La transformation ne signifie pas qu’il faut tout réinventer. Elle consiste à se poser consciemment ces questions et à élaborer suffisamment tôt des réponses adaptées.
Tu as été président de QueerOfficers pendant neuf ans, jusqu’au début de cette année. Il s’agit d’un rôle très différent.
Exactement. Ma fonction actuelle n’a rien à voir avec la gestion de la diversité. D’autres services de l’administration fédérale en sont responsables. QueerOfficers est une association indépendante qui défend les intérêts des membres queer de l’armée de milice suisse et entretient le dialogue avec l’armée.
Comment l’Armée suisse a-t-elle évolué durant cette période?
Je constate une nette normalisation. Dans de nombreux domaines, les questions liées à l’orientation sexuelle sont aujourd’hui devenues tout à fait naturelles. C’est une évolution réjouissante.
La gestion de la diversité reste néanmoins importante. Une armée de milice réunit précisément des personnes aux origines, aux expériences et aux réalités de vie très différentes. Utiliser consciemment ce potentiel rend finalement une organisation plus forte.
Il y a quelques années, tu disais que l’armée constituait un environnement difficile pour la gestion de la diversité. Le formulerais-tu encore ainsi aujourd’hui?
Je dirais aujourd’hui que le contexte est devenu plus difficile.

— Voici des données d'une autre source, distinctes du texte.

definition is_graph :: "'a set \<Rightarrow> ('a \<Rightarrow> 'a \<Rightarrow> bool) \<Rightarrow> bool" where
  "is_graph V E \<longleftrightarrow> finite V \<and> (\<forall>u v. E u v \<longrightarrow> u \<in> V \<and> v \<in> V)
     \<and> (\<forall>u v. E u v \<longrightarrow> E v u) \<and> (\<forall>u. \<not> E u u)"

definition connected_graph :: "'a set \<Rightarrow> ('a \<Rightarrow> 'a \<Rightarrow> bool) \<Rightarrow> bool" where
  "connected_graph V E \<longleftrightarrow> is_graph V E \<and> V \<noteq> {} \<and> (\<forall>u\<in>V. \<forall>v\<in>V. E\<^sup>*\<^sup>* u v)"

definition is_cycle :: "('a \<Rightarrow> 'a \<Rightarrow> bool) \<Rightarrow> 'a list \<Rightarrow> bool" where
  "is_cycle E cs \<longleftrightarrow> length cs \<ge> 3 \<and> distinct cs
     \<and> (\<forall>i. Suc i < length cs \<longrightarrow> E (cs ! i) (cs ! Suc i))
     \<and> E (last cs) (hd cs)"

definition is_tree :: "'a set \<Rightarrow> ('a \<Rightarrow> 'a \<Rightarrow> bool) \<Rightarrow> bool" where
  "is_tree V E \<longleftrightarrow> connected_graph V E \<and> (\<nexists>cs. is_cycle E cs)"

definition vertex_cover :: "'a set \<Rightarrow> ('a \<Rightarrow> 'a \<Rightarrow> bool) \<Rightarrow> 'a set \<Rightarrow> bool" where
  "vertex_cover V E S \<longleftrightarrow> S \<subseteq> V \<and> (\<forall>u v. E u v \<longrightarrow> u \<in> S \<or> v \<in> S)"

definition vc :: "'a set \<Rightarrow> ('a \<Rightarrow> 'a \<Rightarrow> bool) \<Rightarrow> nat" where
  "vc V E = (LEAST n. \<exists>S. vertex_cover V E S \<and> card S = n)"

definition min_vertex_cover :: "'a set \<Rightarrow> ('a \<Rightarrow> 'a \<Rightarrow> bool) \<Rightarrow> 'a set \<Rightarrow> bool" where
  "min_vertex_cover V E S \<longleftrightarrow> vertex_cover V E S \<and> card S = vc V E"

text \<open>A static protocol consists of
  \<^item> a schedule: a list of broadcasts (sender, message length), fixed in advance
    (it depends only on the graph and k);
  \<^item> message functions: the message of step j is computed by its sender from its own input
    and its current view (the messages of all earlier steps, where a message is visible,
    \<open>Some m\<close>, iff it was broadcast by the vertex itself or by a neighbour, and \<open>None\<close> otherwise);
  \<^item> decision functions: at the end, vertex v accepts depending on its input and final view.\<close>
type_synonym 'a protocol =
  "('a \<times> nat) list \<times> (nat \<Rightarrow> bool list \<Rightarrow> bool list option list \<Rightarrow> bool list)
     \<times> ('a \<Rightarrow> bool list \<Rightarrow> bool list option list \<Rightarrow> bool)"

definition sched :: "'a protocol \<Rightarrow> ('a \<times> nat) list" where "sched P = fst P"
definition msgf :: "'a protocol \<Rightarrow> nat \<Rightarrow> bool list \<Rightarrow> bool list option list \<Rightarrow> bool list"
  where "msgf P = fst (snd P)"
definition decf :: "'a protocol \<Rightarrow> 'a \<Rightarrow> bool list \<Rightarrow> bool list option list \<Rightarrow> bool"
  where "decf P = snd (snd P)"

definition view :: "('a \<Rightarrow> 'a \<Rightarrow> bool) \<Rightarrow> 'a protocol \<Rightarrow> 'a \<Rightarrow> bool list list \<Rightarrow> bool list option list" where
  "view E P v ms = map (\<lambda>i. if fst (sched P ! i) = v \<or> E (fst (sched P ! i)) v
                            then Some (ms ! i) else None) [0..<length ms]"

fun transcript :: "('a \<Rightarrow> 'a \<Rightarrow> bool) \<Rightarrow> 'a protocol \<Rightarrow> ('a \<Rightarrow> bool list) \<Rightarrow> nat \<Rightarrow> bool list list" where
  "transcript E P x 0 = []"
| "transcript E P x (Suc j) =
     (let ms = transcript E P x j; v = fst (sched P ! j)
      in ms @ [msgf P j (x v) (view E P v ms)])"

definition accepts :: "('a \<Rightarrow> 'a \<Rightarrow> bool) \<Rightarrow> 'a protocol \<Rightarrow> ('a \<Rightarrow> bool list) \<Rightarrow> 'a \<Rightarrow> bool" where
  "accepts E P x v = decf P v (x v) (view E P v (transcript E P x (length (sched P))))"

definition wf_protocol :: "'a set \<Rightarrow> nat \<Rightarrow> 'a protocol \<Rightarrow> bool" where
  "wf_protocol V k P \<longleftrightarrow> (\<forall>j < length (sched P). fst (sched P ! j) \<in> V \<and>
       (\<forall>a w. length a = k \<longrightarrow> length (msgf P j a w) = snd (sched P ! j)))"

definition solves :: "'a set \<Rightarrow> ('a \<Rightarrow> 'a \<Rightarrow> bool) \<Rightarrow> nat \<Rightarrow> 'a protocol \<Rightarrow> bool" where
  "solves V E k P \<longleftrightarrow> wf_protocol V k P \<and>
     (\<forall>x. (\<forall>v\<in>V. length (x v) = k) \<longrightarrow>
        ((\<forall>u\<in>V. \<forall>v\<in>V. x u = x v) \<longrightarrow> (\<forall>v\<in>V. accepts E P x v)) \<and>
        ((\<exists>u\<in>V. \<exists>v\<in>V. x u \<noteq> x v) \<longrightarrow> (\<exists>v\<in>V. \<not> accepts E P x v)))"

definition cost :: "'a protocol \<Rightarrow> nat" where
  "cost P = sum_list (map snd (sched P))"

definition opt :: "'a set \<Rightarrow> ('a \<Rightarrow> 'a \<Rightarrow> bool) \<Rightarrow> nat \<Rightarrow> nat" where
  "opt V E k = (LEAST c. \<exists>P. solves V E k P \<and> cost P = c)"

definition simple_protocol :: "'a list \<Rightarrow> nat \<Rightarrow> 'a protocol" where
  "simple_protocol vs k =
     (map (\<lambda>v. (v, k)) vs, (\<lambda>j a w. a), (\<lambda>v a w. \<forall>m\<in>set w. m = None \<or> m = Some a))"

end

theory Submission
  imports Defs "HOL-Library.Transitive_Closure_Table"
begin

Nous assistons actuellement, dans de nombreux pays, à une polarisation accrue. La diversité est parfois remise en question de manière plus fondamentale qu’il y a encore quelques années. Les organisations ressentent cette évolution tout autant que les entreprises.
Dans une période marquée par une incertitude croissante, je considère pourtant la diversité comme particulièrement précieuse. La pluralité des perspectives renforce la capacité d’une organisation à réagir à des défis nouveaux et inattendus.
Quelle importance la diversité revêt-elle pour l’armée?
La diversité n’est pas une fin en soi. Elle permet de trouver de meilleures solutions et d’utiliser au mieux les compétences disponibles. Ou, comme l’a un jour formulé un ancien chef de l’Armée: «La diversité est une force de combat.»
Il est intéressant de constater que la pluralité, c’est-à-dire la diversité des regards portés sur les sujets, rend précisément une organisation plus adaptable. C’est peut-être là que mes deux rôles se rejoignent.
Après neuf ans, tu as quitté la présidence de QueerOfficers. Pourquoi?
Une association a elle aussi besoin de renouvellement. C’est précisément pour cette raison que le moment me semblait venu de laisser la place à de nouvelles idées et à d’autres priorités. Il est réjouissant de voir de nouvelles personnes assumer désormais des responsabilités et apporter leurs propres impulsions.